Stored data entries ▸
/---

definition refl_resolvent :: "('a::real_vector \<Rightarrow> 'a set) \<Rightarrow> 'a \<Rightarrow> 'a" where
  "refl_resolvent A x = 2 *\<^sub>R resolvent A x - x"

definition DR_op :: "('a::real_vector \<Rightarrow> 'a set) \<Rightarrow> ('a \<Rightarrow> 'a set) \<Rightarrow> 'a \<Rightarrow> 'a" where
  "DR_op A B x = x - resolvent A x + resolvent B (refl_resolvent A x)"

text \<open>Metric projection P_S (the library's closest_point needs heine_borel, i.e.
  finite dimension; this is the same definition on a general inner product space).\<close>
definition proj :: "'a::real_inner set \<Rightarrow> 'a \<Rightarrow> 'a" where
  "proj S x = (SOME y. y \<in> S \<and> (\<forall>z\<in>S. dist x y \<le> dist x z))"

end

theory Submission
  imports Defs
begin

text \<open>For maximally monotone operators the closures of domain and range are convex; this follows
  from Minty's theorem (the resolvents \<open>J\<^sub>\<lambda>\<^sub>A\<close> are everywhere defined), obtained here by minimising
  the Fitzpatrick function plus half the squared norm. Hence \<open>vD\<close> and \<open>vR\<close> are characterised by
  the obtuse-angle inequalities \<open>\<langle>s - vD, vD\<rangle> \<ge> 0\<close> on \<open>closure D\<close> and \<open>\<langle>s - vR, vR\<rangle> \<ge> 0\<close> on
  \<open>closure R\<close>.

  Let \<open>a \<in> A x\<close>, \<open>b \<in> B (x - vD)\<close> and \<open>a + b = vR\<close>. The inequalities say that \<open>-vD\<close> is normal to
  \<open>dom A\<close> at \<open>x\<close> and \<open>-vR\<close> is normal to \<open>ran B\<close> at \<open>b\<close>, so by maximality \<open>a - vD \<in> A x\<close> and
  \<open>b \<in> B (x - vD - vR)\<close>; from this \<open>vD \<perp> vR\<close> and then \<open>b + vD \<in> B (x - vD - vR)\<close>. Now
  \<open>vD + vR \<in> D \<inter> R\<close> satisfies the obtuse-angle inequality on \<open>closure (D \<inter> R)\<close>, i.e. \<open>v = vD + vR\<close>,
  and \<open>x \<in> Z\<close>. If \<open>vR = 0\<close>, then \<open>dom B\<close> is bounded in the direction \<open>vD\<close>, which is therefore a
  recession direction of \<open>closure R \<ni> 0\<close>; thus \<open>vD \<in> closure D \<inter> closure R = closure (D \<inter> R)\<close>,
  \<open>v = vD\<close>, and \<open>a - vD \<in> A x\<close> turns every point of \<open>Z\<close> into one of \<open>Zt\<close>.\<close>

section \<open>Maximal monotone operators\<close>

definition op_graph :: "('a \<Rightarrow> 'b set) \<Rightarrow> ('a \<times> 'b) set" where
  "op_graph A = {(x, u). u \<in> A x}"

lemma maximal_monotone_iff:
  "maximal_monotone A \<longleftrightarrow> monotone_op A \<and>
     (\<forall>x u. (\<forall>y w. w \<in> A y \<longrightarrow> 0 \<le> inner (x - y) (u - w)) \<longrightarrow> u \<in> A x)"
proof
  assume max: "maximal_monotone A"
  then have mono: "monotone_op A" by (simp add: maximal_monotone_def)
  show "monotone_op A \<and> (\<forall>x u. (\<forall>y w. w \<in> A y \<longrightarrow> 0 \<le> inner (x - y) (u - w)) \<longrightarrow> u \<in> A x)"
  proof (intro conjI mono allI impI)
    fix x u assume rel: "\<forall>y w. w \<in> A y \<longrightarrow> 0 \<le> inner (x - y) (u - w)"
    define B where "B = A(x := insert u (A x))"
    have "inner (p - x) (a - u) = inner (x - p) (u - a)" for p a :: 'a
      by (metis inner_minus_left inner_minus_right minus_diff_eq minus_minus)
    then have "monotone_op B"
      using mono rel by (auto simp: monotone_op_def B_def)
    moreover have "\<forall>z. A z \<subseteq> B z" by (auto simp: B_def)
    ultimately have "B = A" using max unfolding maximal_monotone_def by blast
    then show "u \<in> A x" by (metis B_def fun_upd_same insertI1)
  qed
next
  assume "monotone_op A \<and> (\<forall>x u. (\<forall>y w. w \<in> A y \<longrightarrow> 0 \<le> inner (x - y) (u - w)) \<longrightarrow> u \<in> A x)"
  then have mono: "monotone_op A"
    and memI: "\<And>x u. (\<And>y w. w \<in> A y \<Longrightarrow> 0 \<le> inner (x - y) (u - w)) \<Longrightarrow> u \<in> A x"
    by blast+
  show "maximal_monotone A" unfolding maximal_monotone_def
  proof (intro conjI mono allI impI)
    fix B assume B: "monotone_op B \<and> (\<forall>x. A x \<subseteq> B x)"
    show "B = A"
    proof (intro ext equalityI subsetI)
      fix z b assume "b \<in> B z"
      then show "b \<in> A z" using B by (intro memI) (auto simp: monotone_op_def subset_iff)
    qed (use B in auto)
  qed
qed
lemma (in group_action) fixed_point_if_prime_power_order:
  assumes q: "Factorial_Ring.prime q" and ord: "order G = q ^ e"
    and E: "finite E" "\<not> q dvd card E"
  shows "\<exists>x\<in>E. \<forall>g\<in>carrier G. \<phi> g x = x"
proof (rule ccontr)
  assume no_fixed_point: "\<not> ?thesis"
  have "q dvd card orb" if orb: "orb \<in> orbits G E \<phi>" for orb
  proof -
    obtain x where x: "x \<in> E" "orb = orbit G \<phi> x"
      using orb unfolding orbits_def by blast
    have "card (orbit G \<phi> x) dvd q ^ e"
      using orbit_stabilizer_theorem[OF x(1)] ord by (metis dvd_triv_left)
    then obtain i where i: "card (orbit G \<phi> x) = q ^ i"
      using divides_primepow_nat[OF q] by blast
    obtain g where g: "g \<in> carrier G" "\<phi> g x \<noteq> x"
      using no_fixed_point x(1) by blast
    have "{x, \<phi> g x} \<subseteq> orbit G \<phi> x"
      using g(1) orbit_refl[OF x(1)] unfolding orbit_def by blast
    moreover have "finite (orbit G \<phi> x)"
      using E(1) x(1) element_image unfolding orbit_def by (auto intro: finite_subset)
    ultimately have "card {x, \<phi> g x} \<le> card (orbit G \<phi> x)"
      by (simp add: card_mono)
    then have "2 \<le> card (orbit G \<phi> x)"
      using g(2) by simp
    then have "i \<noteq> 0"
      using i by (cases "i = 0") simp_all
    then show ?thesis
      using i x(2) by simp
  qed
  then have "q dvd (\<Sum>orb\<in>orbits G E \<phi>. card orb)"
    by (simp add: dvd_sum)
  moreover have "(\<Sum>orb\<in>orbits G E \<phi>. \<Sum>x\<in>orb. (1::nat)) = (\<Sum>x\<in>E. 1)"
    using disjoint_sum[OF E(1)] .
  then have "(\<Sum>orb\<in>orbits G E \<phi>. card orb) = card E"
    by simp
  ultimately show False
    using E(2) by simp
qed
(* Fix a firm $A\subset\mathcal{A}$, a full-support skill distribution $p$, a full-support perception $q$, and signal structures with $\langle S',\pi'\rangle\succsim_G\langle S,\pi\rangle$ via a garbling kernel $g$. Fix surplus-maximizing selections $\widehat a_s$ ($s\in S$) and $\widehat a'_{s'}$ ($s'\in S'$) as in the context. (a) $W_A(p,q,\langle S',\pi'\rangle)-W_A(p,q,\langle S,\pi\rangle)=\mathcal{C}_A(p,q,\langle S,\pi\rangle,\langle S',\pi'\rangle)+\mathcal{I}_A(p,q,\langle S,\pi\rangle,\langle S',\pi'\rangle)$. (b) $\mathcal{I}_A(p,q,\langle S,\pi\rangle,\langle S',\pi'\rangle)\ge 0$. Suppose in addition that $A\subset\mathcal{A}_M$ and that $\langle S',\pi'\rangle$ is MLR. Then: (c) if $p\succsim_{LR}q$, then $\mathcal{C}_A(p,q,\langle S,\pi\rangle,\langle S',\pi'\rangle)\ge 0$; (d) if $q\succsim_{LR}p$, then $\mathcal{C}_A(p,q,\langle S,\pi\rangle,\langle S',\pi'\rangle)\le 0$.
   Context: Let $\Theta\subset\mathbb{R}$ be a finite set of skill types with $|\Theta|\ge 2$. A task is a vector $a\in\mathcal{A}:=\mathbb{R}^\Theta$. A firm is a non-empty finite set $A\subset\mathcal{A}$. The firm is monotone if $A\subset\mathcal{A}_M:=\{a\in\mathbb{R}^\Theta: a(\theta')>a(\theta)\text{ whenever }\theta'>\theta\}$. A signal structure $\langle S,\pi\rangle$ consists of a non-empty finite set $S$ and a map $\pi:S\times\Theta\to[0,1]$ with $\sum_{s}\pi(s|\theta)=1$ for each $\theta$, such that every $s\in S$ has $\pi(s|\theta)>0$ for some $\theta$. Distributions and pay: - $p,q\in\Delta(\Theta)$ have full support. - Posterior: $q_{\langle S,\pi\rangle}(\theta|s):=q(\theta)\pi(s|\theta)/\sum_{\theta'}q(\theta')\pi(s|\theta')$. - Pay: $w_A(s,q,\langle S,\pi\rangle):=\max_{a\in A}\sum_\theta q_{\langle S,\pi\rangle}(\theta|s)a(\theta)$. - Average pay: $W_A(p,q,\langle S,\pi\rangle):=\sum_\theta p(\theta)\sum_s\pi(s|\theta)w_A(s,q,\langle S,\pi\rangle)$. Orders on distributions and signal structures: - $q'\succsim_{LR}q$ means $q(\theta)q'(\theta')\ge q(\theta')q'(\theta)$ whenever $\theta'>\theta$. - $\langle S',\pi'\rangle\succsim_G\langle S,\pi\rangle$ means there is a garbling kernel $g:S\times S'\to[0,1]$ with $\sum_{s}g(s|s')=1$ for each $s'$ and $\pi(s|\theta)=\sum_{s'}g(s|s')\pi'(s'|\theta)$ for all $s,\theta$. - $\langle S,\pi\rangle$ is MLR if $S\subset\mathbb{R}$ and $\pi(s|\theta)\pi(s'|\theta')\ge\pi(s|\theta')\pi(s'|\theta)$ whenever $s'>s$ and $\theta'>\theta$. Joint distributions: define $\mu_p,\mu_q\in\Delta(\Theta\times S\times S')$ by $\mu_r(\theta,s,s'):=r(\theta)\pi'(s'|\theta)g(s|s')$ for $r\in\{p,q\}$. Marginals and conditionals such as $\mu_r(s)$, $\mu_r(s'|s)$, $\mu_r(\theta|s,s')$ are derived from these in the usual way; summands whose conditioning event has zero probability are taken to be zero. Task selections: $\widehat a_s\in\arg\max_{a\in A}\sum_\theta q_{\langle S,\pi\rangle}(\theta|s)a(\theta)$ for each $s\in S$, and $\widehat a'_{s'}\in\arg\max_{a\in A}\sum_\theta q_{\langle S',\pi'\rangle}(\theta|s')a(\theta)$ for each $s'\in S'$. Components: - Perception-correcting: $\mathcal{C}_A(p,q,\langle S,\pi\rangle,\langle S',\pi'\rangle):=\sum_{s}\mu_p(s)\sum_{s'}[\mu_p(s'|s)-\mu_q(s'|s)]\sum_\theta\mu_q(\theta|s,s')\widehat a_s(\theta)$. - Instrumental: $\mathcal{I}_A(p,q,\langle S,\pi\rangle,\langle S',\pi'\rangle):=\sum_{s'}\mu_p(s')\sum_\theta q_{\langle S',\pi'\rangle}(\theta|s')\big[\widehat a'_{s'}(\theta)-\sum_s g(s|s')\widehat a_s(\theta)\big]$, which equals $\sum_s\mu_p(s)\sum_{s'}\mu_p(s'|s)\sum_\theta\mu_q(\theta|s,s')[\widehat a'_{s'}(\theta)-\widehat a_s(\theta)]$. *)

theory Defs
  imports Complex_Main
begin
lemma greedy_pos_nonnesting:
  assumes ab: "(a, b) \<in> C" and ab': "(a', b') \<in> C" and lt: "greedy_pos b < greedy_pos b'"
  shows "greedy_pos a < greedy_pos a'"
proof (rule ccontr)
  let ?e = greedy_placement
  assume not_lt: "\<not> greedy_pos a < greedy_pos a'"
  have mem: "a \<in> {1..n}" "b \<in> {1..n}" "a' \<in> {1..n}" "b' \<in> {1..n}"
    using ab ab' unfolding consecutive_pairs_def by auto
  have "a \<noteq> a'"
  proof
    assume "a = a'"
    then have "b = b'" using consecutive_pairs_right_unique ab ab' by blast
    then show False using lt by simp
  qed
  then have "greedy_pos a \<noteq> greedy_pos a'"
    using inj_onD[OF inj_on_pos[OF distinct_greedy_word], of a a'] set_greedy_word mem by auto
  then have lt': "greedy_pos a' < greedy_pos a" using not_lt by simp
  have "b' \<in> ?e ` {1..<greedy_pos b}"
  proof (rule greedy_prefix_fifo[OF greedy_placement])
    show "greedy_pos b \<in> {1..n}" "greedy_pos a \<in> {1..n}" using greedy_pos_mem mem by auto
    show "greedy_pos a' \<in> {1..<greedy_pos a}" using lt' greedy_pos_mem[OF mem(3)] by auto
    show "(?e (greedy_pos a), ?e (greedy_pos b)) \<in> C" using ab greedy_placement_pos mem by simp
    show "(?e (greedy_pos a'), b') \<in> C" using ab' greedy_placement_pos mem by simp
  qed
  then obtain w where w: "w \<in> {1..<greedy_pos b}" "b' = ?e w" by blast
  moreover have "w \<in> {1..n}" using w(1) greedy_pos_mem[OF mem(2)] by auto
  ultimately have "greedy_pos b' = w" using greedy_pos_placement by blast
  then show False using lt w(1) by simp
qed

\---

Find the string "proof" in the entries above. Copy each line where it occurs.

proof
  proof (intro conjI mono allI impI)
  proof (intro conjI mono allI impI)
    proof (intro ext equalityI subsetI)
proof (rule ccontr)
  proof -
proof (rule ccontr)
  proof
  proof (rule greedy_prefix_fifo[OF greedy_placement])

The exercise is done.